(* Let $r\ge 1$ be an integer. The order of a $[1,r;4]$-mixed cage is $2(r+2)$. Moreover, a mixed graph $H$ is a $[1,r;4]$-mixed cage if and only if it is obtained from the complete bipartite graph $K_{r+2,r+2}$ by choosing a $2$-factor $F$ of $K_{r+2,r+2}$, orienting every cycle of $F$ as a directed cycle (these become the arcs of $H$), and keeping all remaining edges of $K_{r+2,r+2}$ as undirected edges.
   Context: A mixed graph is a finite simple graph that may contain both edges and arcs. A $[z,r;g]$-mixed graph is a mixed graph in which every vertex is the tail of exactly $z$ arcs, the head of exactly $z$ arcs, and is incident with exactly $r$ edges, and whose girth is $g$. Walks traverse edges in either direction and arcs only in their direction; a cycle is a closed walk with no repeated vertices (other than start = end) and no repeated edge or arc; the girth is the length of a shortest cycle. A $[z,r;g]$-mixed cage is a $[z,r;g]$-mixed graph of minimum order. *)

theory Defs
  imports Main
begin

record 'a mixgraph =
  verts :: "'a set"
  edges :: "'a set set"
  arcs  :: "('a \<times> 'a) set"

definition mixed_graph :: "'a mixgraph \<Rightarrow> bool" where
  "mixed_graph G \<longleftrightarrow>
     finite (verts G) \<and>
     (\<forall>e\<in>edges G. \<exists>u v. u \<noteq> v \<and> e = {u, v} \<and> u \<in> verts G \<and> v \<in> verts G) \<and>
     (\<forall>(u, v)\<in>arcs G. u \<noteq> v \<and> u \<in> verts G \<and> v \<in> verts G) \<and>
     (\<forall>(u, v)\<in>arcs G. {u, v} \<notin> edges G)"

definition link_step :: "'a mixgraph \<Rightarrow> 'a \<Rightarrow> ('a set + ('a \<times> 'a)) \<Rightarrow> 'a \<Rightarrow> bool" where
  "link_step G a l b \<longleftrightarrow>
     (case l of Inl e \<Rightarrow> e \<in> edges G \<and> e = {a, b} \<and> a \<noteq> b
              | Inr p \<Rightarrow> p \<in> arcs G \<and> p = (a, b))"

definition is_cycle :: "'a mixgraph \<Rightarrow> 'a list \<Rightarrow> ('a set + ('a \<times> 'a)) list \<Rightarrow> bool" where
  "is_cycle G xs ls \<longleftrightarrow>
     length ls \<ge> 1 \<and> length xs = length ls + 1 \<and>
     hd xs = last xs \<and> distinct (butlast xs) \<and> distinct ls \<and>
     set xs \<subseteq> verts G \<and>
     (\<forall>i < length ls. link_step G (xs ! i) (ls ! i) (xs ! Suc i))"
lemma Im_rotated_E_partial_integral:
  fixes t R :: real
  assumes t: "0 < t" and R: "0 \<le> R"
  shows "Im (exp (\<i> * of_real t) * integral {0..R} (\<lambda>u. exp (\<i> * of_real u) / of_real (u + t)))
         = Si (R + t) - Si t"
proof -
  let ?f = "\<lambda>u. exp (\<i> * of_real t) * (exp (\<i> * of_real u) / of_real (u + t))"
  have f_int: "?f integrable_on {0..R}"
    using t by (intro integrable_continuous_interval continuous_intros) (auto simp: complex_eq_iff)
  have Im_f: "Im (?f u) = sin (u + t) / (u + t)" if "u \<in> {0..R}" for u
  proof -
    have "?f u = cis (u + t) / of_real (u + t)"
      by (simp add: cis_conv_exp algebra_simps flip: exp_add)
    then show ?thesis
      by (simp only: Im_divide_of_real cis.sel)
  qed
  have "Im (exp (\<i> * of_real t) * integral {0..R} (\<lambda>u. exp (\<i> * of_real u) / of_real (u + t)))
      = Im (integral {0..R} ?f)"
    by (simp only: integral_mult_right)
  also have "\<dots> = integral {0..R} (\<lambda>u. Im (?f u))"
    using integral_linear[OF f_int bounded_linear_Im] by (simp add: o_def)
  also have "\<dots> = integral {0..R} (\<lambda>u. sin (u + t) / (u + t))"
    using Im_f by (intro integral_cong) auto
  also have "\<dots> = Si (R + t) - Si (0 + t)"
  proof (rule integral_Icc_antiderivative[OF R])
    fix u assume u: "u \<in> {0..R}"
    have "((\<lambda>u. Si (u + t)) has_real_derivative sinc (u + t) * 1) (at u within {0..R})"
      by (rule DERIV_chain2[OF DERIV_Si]) (auto intro!: derivative_eq_intros)
    then show "((\<lambda>u. Si (u + t)) has_vector_derivative sin (u + t) / (u + t)) (at u within {0..R})"
      using u t by (simp add: has_real_derivative_iff_has_vector_derivative)
  qed
  finally show ?thesis
    by simp
qed
lemma magnetization_eq_mag:
  assumes "\<sigma> \<in> cw_configs n"
  shows "magnetization n \<sigma> = mag n (card (up_spins n \<sigma>))"
proof -
  let ?S = "up_spins n \<sigma>"
  have sub: "?S \<subseteq> {1..n}" unfolding up_spins_def by auto
  hence card_S: "card ?S \<le> n" using card_mono[of "{1..n}" ?S] by simp
  have "(\<Sum>i\<in>{1..n}. \<sigma> i) = (\<Sum>i\<in>{1..n}. if i \<in> ?S then 1 else -1)"
    by (rule sum.cong) (use assms in \<open>auto simp: cw_configs_def up_spins_def\<close>)
  also have "\<dots> = (\<Sum>i\<in>{1..n} \<inter> {x. x \<in> ?S}. 1) + (\<Sum>i\<in>{1..n} \<inter> - {x. x \<in> ?S}. -1)"
    by (rule sum.If_cases) simp
  also have "{1..n} \<inter> {x. x \<in> ?S} = ?S" using sub by auto
  also have "{1..n} \<inter> - {x. x \<in> ?S} = {1..n} - ?S" by auto
  also have "(\<Sum>i\<in>?S. (1::int)) + (\<Sum>i\<in>{1..n} - ?S. -1) = int (card ?S) - int (card ({1..n} - ?S))"
    by simp
  also have "card ({1..n} - ?S) = n - card ?S" using sub by (simp add: card_Diff_subset finite_subset)
  finally show ?thesis unfolding magnetization_def mag_def using card_S by (simp add: of_nat_diff)
qed

lemma sum_cw_configs:
  fixes F :: "real \<Rightarrow> real"
  shows "(\<Sum>\<sigma>\<in>cw_configs n. F (magnetization n \<sigma>)) = (\<Sum>k\<le>n. real (n choose k) * F (mag n k))"
proof -
  have "(\<Sum>\<sigma>\<in>cw_configs n. F (magnetization n \<sigma>)) = (\<Sum>\<sigma>\<in>cw_configs n. F (mag n (card (up_spins n \<sigma>))))"
    by (rule sum.cong) (auto simp: magnetization_eq_mag)
  also have "\<dots> = (\<Sum>S\<in>Pow {1..n}. F (mag n (card S)))"
    by (rule sum.reindex_bij_betw[OF bij_betw_up_spins])
  also have "\<dots> = (\<Sum>k\<le>n. real (n choose k) * F (mag n k))"
    using sum_Pow_card[of "{1..n}" "\<lambda>k. F (mag n k)"] by simp
  finally show ?thesis .
qed

definition level_weight :: "nat \<Rightarrow> nat \<Rightarrow> real" where
  "level_weight n k = real (n choose k) * exp ((mag n k)^2 / (2 * real n))"

lemma cw_prob_eq_level_sums:
  "cw_prob n (\<lambda>\<sigma>. magnetization n \<sigma> / real n powr (3/4) \<le> a)
   = (\<Sum>k\<le>n. if mag n k / real n powr (3/4) \<le> a then level_weight n k else 0) / (\<Sum>k\<le>n. level_weight n k)"
proof -
  have fin: "finite (cw_configs n)" unfolding cw_configs_def by (simp add: finite_PiE)
  have num: "(\<Sum>\<sigma>\<in>{\<sigma>\<in>cw_configs n. magnetization n \<sigma> / real n powr (3/4) \<le> a}. cw_weight n \<sigma>)
      = (\<Sum>\<sigma>\<in>cw_configs n. (\<lambda>M. if M / real n powr (3/4) \<le> a then exp (M^2 / (2 * real n)) else 0) (magnetization n \<sigma>))"
    using fin by (simp add: sum.inter_filter[symmetric] cw_weight_def)
  have den: "(\<Sum>\<sigma>\<in>cw_configs n. cw_weight n \<sigma>)
      = (\<Sum>\<sigma>\<in>cw_configs n. (\<lambda>M. exp (M^2 / (2 * real n))) (magnetization n \<sigma>))"
    by (simp add: cw_weight_def)
  show ?thesis unfolding cw_prob_def num den level_weight_def
    unfolding sum_cw_configs[of "\<lambda>M. if M / real n powr (3/4) \<le> a then exp (M^2 / (2 * real n)) else 0" n]
      sum_cw_configs[of "\<lambda>M. exp (M^2 / (2 * real n))" n]
    by (intro arg_cong2[where f="(/)"] sum.cong) auto
qed

lemma lipschitz_of_deriv_bound:
  fixes \<phi> \<phi>' :: "real \<Rightarrow> real"
  assumes der: "\<And>x. x \<in> {a..b} \<Longrightarrow> (\<phi> has_real_derivative \<phi>' x) (at x)"
    and bd: "\<And>x. x \<in> {a..b} \<Longrightarrow> \<bar>\<phi>' x\<bar> \<le> B"
    and xy: "x \<in> {a..b}" "y \<in> {a..b}"
  shows "\<bar>\<phi> y - \<phi> x\<bar> \<le> B * \<bar>y - x\<bar>"
proof -
  have main: "\<bar>\<phi> q - \<phi> p\<bar> \<le> B * (q - p)" if pq: "p < q" "p \<in> {a..b}" "q \<in> {a..b}" for p q
  proof -
    have "\<exists>z. p < z \<and> z < q \<and> \<phi> q - \<phi> p = (q - p) * \<phi>' z"
      by (rule MVT2[OF pq(1)]) (use der pq in auto)
    then obtain z where z: "p < z" "z < q" "\<phi> q - \<phi> p = (q - p) * \<phi>' z" by blast
    have "\<bar>\<phi>' z\<bar> \<le> B" using z pq by (intro bd) auto
    thus ?thesis using z pq by (simp add: abs_mult mult_right_mono mult.commute)
  qed
  consider "x < y" | "x = y" | "y < x" by linarith
  thus ?thesis
    by cases (use main[OF _ xy] main[OF _ xy(2,1)] in \<open>auto simp: abs_minus_commute\<close>)
qed

lemma dens_deriv: "(dens has_real_derivative (- (x^3 / 3) * dens x)) (at x)"
  unfolding dens_def by (rule derivative_eq_intros refl | simp)+

lemma abs_dens_deriv_le: "\<bar>- (x^3 / 3) * dens x\<bar> \<le> 3"
proof (cases "\<bar>x\<bar> \<le> 2")
  case True
  have "\<bar>x\<bar>^3 \<le> 2^3" using True by (intro power_mono) auto
  hence "\<bar>x\<bar>^3 * dens x \<le> 8 * 1" using dens_pos[of x] dens_le_1[of x] by (intro mult_mono) auto
  thus ?thesis using dens_pos[of x] by (simp add: abs_mult power_abs)
next
  case False
  have "x^4 / 12 \<le> exp (x^4 / 12)" using exp_ge_add_one_self[of "x^4/12"] by linarith
  hence "dens x * (x^4 / 12) \<le> dens x * exp (x^4 / 12)" using dens_pos[of x] by (intro mult_left_mono) auto
  also have "dens x * exp (x^4 / 12) = 1" unfolding dens_def by (simp flip: exp_add)
  finally have "\<bar>x\<bar>^3 * dens x * \<bar>x\<bar> \<le> 12"
    by (simp add: power_even_abs eval_nat_numeral mult_ac)
  moreover have "\<bar>x\<bar>^3 * dens x * 2 \<le> \<bar>x\<bar>^3 * dens x * \<bar>x\<bar>"
    using False dens_pos[of x] by (intro mult_left_mono) auto
  ultimately have "\<bar>x\<bar>^3 * dens x \<le> 6" by linarith
  thus ?thesis using dens_pos[of x] by (simp add: abs_mult power_abs)
qed

lemma dens_lipschitz: "\<bar>dens y - dens x\<bar> \<le> 3 * \<bar>y - x\<bar>"
  using lipschitz_of_deriv_bound[where \<phi>=dens and \<phi>'="\<lambda>x. - (x^3 / 3) * dens x"
      and a="min x y" and b="max x y" and B=3 and x=x and y=y]
    dens_deriv abs_dens_deriv_le by auto

text \<open>\<open>n\<^sup>-\<^sup>1\<^sup>/\<^sup>2 err_profile x\<close> bounds the error of the corrected log-weight at the node \<open>x\<close>.\<close>
definition err_profile :: "real \<Rightarrow> real" where "err_profile x = 5/4 * x^2 + 4/45 * x^6"

lemma err_profile_nonneg: "0 \<le> err_profile x"
  unfolding err_profile_def by (simp add: zero_le_even_power)

lemma err_profile_mono: "\<bar>x\<bar> \<le> \<rho> \<Longrightarrow> err_profile x \<le> err_profile \<rho>"
proof -
  assume "\<bar>x\<bar> \<le> \<rho>"
  hence "\<bar>x\<bar>^2 \<le> \<rho>^2" "\<bar>x\<bar>^6 \<le> \<rho>^6" using power_mono[of "\<bar>x\<bar>" \<rho> 2] power_mono[of "\<bar>x\<bar>" \<rho> 6] by auto
  hence "x^2 \<le> \<rho>^2" "x^6 \<le> \<rho>^6" by (simp_all add: power_even_abs)
  thus ?thesis unfolding err_profile_def by simp
qed

lemma continuous_on_dens_err_profile: "continuous_on S (\<lambda>x. dens x * err_profile x)"
  unfolding dens_def err_profile_def by (intro continuous_intros) auto

lemma dens_err_profile_deriv:
  "((\<lambda>x. dens x * err_profile x) has_real_derivative
     (dens x * (5/2 * x + 8/15 * x^5) - (x^3 / 3) * dens x * err_profile x)) (at x)"
proof -
  have "(err_profile has_real_derivative (5/2 * x + 8/15 * x^5)) (at x)"
    unfolding err_profile_def by (rule derivative_eq_intros refl | simp)+
  from DERIV_mult[OF dens_deriv this] show ?thesis by (simp add: algebra_simps)
qed

lemma abs_dens_err_profile_deriv_le:
  assumes "\<bar>x\<bar> \<le> \<rho>" "1 \<le> \<rho>"
  shows "\<bar>dens x * (5/2 * x + 8/15 * x^5) - (x^3 / 3) * dens x * err_profile x\<bar> \<le> 4 * \<rho>^9"
proof -
  have p: "\<bar>x\<bar>^k \<le> \<rho>^9" if "k \<le> 9" for k
  proof -
    have "\<bar>x\<bar>^k \<le> \<rho>^k" using assms by (intro power_mono) auto
    also have "\<rho>^k \<le> \<rho>^9" using assms that by (intro power_increasing) auto
    finally show ?thesis .
  qed
  have "\<bar>5/2 * x + 8/15 * x^5\<bar> \<le> 5/2 * \<bar>x\<bar> + 8/15 * \<bar>x\<bar>^5"
    using abs_triangle_ineq[of "5/2 * x" "8/15 * x^5"] by (simp add: abs_mult power_abs)
  hence a1: "\<bar>5/2 * x + 8/15 * x^5\<bar> \<le> 5/2 * \<rho>^9 + 8/15 * \<rho>^9" using p[of 1] p[of 5] by simp
  have "x^3 / 3 * err_profile x = 5/12 * x^5 + 4/135 * x^9"
    unfolding err_profile_def by (simp add: field_simps flip: power_add)
  hence "\<bar>x^3 / 3 * err_profile x\<bar> \<le> 5/12 * \<bar>x\<bar>^5 + 4/135 * \<bar>x\<bar>^9"
    using abs_triangle_ineq[of "5/12 * x^5" "4/135 * x^9"] by (simp add: abs_mult power_abs)
  hence a2: "\<bar>x^3 / 3 * err_profile x\<bar> \<le> 5/12 * \<rho>^9 + 4/135 * \<rho>^9" using p[of 5] p[of 9] by simp
  have "dens x * (5/2 * x + 8/15 * x^5) - (x^3 / 3) * dens x * err_profile x
      = dens x * ((5/2 * x + 8/15 * x^5) - x^3 / 3 * err_profile x)" by (simp add: algebra_simps)
  hence "\<bar>dens x * (5/2 * x + 8/15 * x^5) - (x^3 / 3) * dens x * err_profile x\<bar>
      = dens x * \<bar>(5/2 * x + 8/15 * x^5) - x^3 / 3 * err_profile x\<bar>"
    using dens_pos[of x] by (simp add: abs_mult)
  also have "\<dots> \<le> 1 * (\<bar>5/2 * x + 8/15 * x^5\<bar> + \<bar>x^3 / 3 * err_profile x\<bar>)"
    using dens_pos[of x] dens_le_1[of x] by (intro mult_mono abs_triangle_ineq4) auto
  also have "\<dots> \<le> 4 * \<rho>^9" using a1 a2 by argo
  finally show ?thesis .
qed

lemma dens_err_profile_lipschitz:
  assumes "\<bar>x\<bar> \<le> \<rho>" "\<bar>y\<bar> \<le> \<rho>" "1 \<le> \<rho>"
  shows "\<bar>dens y * err_profile y - dens x * err_profile x\<bar> \<le> 4 * \<rho>^9 * \<bar>y - x\<bar>"
  by (rule lipschitz_of_deriv_bound[where a="-\<rho>" and b=\<rho>, OF dens_err_profile_deriv])
     (use assms abs_dens_err_profile_deriv_le in \<open>auto simp: abs_le_iff\<close>)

┄┄┄┄┄┄┄┄┄┄

Of the entries above, repeat exactly the lines from the line with "x=x and y=y]" through the line with "unfolding err_profile_def by (simp add: zero_le_even_power)", both of them included.

ANSWER BELOW
      and a="min x y" and b="max x y" and B=3 and x=x and y=y]
    dens_deriv abs_dens_deriv_le by auto

text \<open>\<open>n\<^sup>-\<^sup>1\<^sup>/\<^sup>2 err_profile x\<close> bounds the error of the corrected log-weight at the node \<open>x\<close>.\<close>
definition err_profile :: "real \<Rightarrow> real" where "err_profile x = 5/4 * x^2 + 4/45 * x^6"

lemma err_profile_nonneg: "0 \<le> err_profile x"
  unfolding err_profile_def by (simp add: zero_le_even_power)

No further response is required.